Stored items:
+ + + +

(* Let $E$ be a system of partial differential equations with independent variables $x\in\mathbb{R}^n$ and dependent variables $u\in\mathbb{R}^m$ admitting a Lie algebra $N$ of infinitesimal point transformations, and let $H$ be an ideal of $N$ with $\operatorname{rank} H(\xi)\neq\operatorname{rank} H(\xi,\eta)$. For an $N/H$-invariant solution of the factor-system $E/H$ (of the $H$-partially invariant solution) to exist, the following condition must be satisfied: $$\operatorname{rank} N(\xi,\eta)-\operatorname{rank} N(\xi)=\operatorname{rank} H(\xi,\eta)-\operatorname{rank} H(\xi).$$
   Context: Generators have the form $X=\xi^i(x,u)\partial_{x^i}+\eta^k(x,u)\partial_{u^k}$. For a Lie algebra $M$ with basis $X_1,\dots,X_k$, $M(\xi)$ is the $k\times n$ matrix $(\xi^i_\alpha)$ and $M(\xi,\eta)$ the $k\times(n+m)$ matrix $(\xi^i_\alpha,\eta^j_\alpha)$; "rank" of such a matrix means its maximal rank over points. An $H$-invariant solution is one whose graph is invariant under $H$; the necessary condition for its existence used in this theory is $\operatorname{rank}H(\xi)=\operatorname{rank}H(\xi,\eta)$. For an $H$-partially invariant solution one takes the invariants of $H$: $\lambda^1(x),\dots,\lambda^\sigma(x)$ depending only on $x$ ($\sigma=n-\operatorname{rank}H(\xi)$) and $I^1(x,u),\dots,I^\mu(x,u)$ with $\operatorname{rank}\partial I/\partial u=\mu$ ($\mu=m+n-\operatorname{rank}H(\xi,\eta)-\sigma$); the orbit of the solution is written as relations among these invariants, the remaining (non-invariant) dependent functions are arbitrary functions of $x$, and substitution into $E$ yields a factor-system $E/H$ for the invariant functions of the invariant variables (plus a system for the non-invariant functions). The factor algebra $N/H$ acts, by its induced action, on the space of invariants of $H$; an $N/H$-invariant solution of $E/H$ is a solution of $E/H$ invariant under this induced action. *)

theory Defs
  imports "HOL-Analysis.Analysis"
begin

(* Points of the space of independent and dependent variables: (x,u) in R^n x R^m.
   A generator X = xi^i d_{x^i} + eta^k d_{u^k} is represented as the map
   p \<mapsto> (xi(p), eta(p)). *)
type_synonym ('n,'m) pt = "(real^'n) \<times> (real^'m)"
type_synonym ('n,'m) field = "('n::finite,'m::finite) pt \<Rightarrow> ('n,'m) pt"

definition row_rank :: "nat \<Rightarrow> 'c set \<Rightarrow> (nat \<Rightarrow> 'c \<Rightarrow> real) \<Rightarrow> nat" where
  "row_rank r C M = Max {card S | S. S \<subseteq> {..<r} \<and>
     (\<forall>a. (\<forall>j\<in>C. (\<Sum>i\<in>S. a i * M i j) = 0) \<longrightarrow> (\<forall>i\<in>S. a i = 0))}"

(* "rank" of a point-dependent matrix: maximal rank over the points of D *)
definition max_rank :: "'p set \<Rightarrow> nat \<Rightarrow> 'c set \<Rightarrow> ('p \<Rightarrow> nat \<Rightarrow> 'c \<Rightarrow> real) \<Rightarrow> nat" where
  "max_rank D r C M = Max ((\<lambda>p. row_rank r C (M p)) ` D)"

definition xi_mat :: "(nat \<Rightarrow> ('n::finite,'m::finite) field) \<Rightarrow> ('n::finite,'m::finite) pt \<Rightarrow> nat \<Rightarrow> 'n \<Rightarrow> real" where
  "xi_mat X p a i = fst (X a p) $ i"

+ + + +

▸ YOUR OBJECTIVE: From the line holding "(\<forall>a. (\<forall>j\<in>C. (\<Sum>i\<in>S." through the last line above, reproduce each line exactly and add nothing.

▸ PROBLEM SOLUTION:
     (\<forall>a. (\<forall>j\<in>C. (\<Sum>i\<in>S. a i * M i j) = 0) \<longrightarrow> (\<forall>i\<in>S. a i = 0))}"

(* "rank" of a point-dependent matrix: maximal rank over the points of D *)
definition max_rank :: "'p set \<Rightarrow> nat \<Rightarrow> 'c set \<Rightarrow> ('p \<Rightarrow> nat \<Rightarrow> 'c \<Rightarrow> real) \<Rightarrow> nat" where
  "max_rank D r C M = Max ((\<lambda>p. row_rank r C (M p)) ` D)"

definition xi_mat :: "(nat \<Rightarrow> ('n::finite,'m::finite) field) \<Rightarrow> ('n::finite,'m::finite) pt \<Rightarrow> nat \<Rightarrow> 'n \<Rightarrow> real" where
  "xi_mat X p a i = fst (X a p) $ i"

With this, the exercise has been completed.